_Task prompt_: Beginning with the line where "N\<close> by blast" appears, repeat every remaining line of the entries exactly, the last line included.

Dataset entries:

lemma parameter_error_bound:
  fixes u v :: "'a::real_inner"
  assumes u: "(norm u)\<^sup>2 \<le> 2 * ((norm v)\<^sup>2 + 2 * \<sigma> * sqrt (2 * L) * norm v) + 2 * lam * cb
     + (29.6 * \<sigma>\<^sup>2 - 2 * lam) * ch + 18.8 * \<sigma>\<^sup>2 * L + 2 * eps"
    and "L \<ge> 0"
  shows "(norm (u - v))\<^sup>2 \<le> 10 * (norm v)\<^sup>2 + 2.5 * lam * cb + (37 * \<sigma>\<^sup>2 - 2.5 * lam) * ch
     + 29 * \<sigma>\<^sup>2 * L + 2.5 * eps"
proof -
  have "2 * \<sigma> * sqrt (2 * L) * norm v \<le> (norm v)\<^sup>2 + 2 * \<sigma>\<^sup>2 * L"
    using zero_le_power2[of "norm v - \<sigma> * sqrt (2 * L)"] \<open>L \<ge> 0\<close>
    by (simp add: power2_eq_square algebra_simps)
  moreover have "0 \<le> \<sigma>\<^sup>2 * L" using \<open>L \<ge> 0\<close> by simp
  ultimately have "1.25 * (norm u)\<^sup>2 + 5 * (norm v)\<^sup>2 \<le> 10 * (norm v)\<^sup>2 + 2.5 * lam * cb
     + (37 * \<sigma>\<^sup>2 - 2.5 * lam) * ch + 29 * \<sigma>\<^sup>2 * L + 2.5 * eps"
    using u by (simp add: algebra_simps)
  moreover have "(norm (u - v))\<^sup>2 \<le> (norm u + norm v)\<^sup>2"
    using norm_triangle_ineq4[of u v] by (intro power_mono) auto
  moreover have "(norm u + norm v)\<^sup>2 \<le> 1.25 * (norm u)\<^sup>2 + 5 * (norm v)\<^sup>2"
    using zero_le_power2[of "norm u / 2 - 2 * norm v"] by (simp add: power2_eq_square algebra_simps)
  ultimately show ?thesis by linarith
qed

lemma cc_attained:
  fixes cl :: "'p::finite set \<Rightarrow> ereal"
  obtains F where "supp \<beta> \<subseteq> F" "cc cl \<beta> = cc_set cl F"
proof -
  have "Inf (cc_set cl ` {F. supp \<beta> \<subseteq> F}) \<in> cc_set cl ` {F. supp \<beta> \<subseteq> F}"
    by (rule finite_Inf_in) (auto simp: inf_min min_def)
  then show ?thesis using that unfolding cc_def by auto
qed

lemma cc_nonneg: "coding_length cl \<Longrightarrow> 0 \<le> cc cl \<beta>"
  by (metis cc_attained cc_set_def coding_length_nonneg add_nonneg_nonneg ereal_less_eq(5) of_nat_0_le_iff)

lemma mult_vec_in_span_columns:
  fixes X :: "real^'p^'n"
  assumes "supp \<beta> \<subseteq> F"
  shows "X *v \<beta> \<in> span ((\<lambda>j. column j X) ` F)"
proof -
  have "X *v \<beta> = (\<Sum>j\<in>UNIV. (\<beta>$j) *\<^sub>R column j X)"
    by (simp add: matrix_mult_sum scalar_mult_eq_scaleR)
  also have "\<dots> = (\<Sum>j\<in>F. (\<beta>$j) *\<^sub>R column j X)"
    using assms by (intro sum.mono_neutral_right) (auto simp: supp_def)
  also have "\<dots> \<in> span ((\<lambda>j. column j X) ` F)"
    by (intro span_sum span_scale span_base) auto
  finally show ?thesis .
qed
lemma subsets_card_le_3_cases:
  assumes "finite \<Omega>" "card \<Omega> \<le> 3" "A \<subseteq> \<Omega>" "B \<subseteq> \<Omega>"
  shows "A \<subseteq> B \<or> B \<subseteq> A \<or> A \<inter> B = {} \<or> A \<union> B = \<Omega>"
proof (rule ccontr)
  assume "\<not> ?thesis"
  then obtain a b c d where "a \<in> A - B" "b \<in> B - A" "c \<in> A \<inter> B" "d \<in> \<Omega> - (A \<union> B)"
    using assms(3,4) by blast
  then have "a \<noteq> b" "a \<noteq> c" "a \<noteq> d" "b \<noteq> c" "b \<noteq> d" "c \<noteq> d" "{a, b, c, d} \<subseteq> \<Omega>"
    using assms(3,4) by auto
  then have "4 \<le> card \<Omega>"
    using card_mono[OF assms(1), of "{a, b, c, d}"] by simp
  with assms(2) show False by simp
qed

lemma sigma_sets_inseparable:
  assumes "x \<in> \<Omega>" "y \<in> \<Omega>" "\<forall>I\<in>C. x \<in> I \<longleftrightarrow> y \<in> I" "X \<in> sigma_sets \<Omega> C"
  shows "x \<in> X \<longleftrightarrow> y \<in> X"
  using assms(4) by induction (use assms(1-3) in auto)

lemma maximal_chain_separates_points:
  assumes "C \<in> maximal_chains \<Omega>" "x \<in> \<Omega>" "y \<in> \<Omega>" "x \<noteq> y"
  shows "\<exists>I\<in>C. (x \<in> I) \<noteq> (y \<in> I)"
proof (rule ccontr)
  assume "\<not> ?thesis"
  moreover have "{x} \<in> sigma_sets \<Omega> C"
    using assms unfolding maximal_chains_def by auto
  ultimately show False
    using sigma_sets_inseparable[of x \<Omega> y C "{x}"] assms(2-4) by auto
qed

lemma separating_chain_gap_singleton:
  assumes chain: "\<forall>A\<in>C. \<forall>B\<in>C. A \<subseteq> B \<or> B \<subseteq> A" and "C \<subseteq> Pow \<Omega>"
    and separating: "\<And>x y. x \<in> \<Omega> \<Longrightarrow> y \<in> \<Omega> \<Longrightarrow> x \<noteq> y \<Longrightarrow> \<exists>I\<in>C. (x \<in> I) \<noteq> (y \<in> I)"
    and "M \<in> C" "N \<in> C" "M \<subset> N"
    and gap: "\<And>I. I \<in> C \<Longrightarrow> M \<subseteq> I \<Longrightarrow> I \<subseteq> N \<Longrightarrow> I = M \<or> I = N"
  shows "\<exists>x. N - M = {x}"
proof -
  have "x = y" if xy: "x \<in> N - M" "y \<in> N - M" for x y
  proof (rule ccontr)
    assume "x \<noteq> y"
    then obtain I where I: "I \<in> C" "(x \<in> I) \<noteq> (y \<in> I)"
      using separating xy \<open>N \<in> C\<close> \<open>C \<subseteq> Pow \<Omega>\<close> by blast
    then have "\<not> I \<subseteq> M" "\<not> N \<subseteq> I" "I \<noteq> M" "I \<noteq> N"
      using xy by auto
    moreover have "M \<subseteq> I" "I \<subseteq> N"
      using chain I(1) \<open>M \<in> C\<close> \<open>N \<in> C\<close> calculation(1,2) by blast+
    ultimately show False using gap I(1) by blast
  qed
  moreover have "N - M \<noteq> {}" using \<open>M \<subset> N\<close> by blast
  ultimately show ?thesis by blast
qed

_Solved exercise_:
  moreover have "N - M \<noteq> {}" using \<open>M \<subset> N\<close> by blast
  ultimately show ?thesis by blast
qed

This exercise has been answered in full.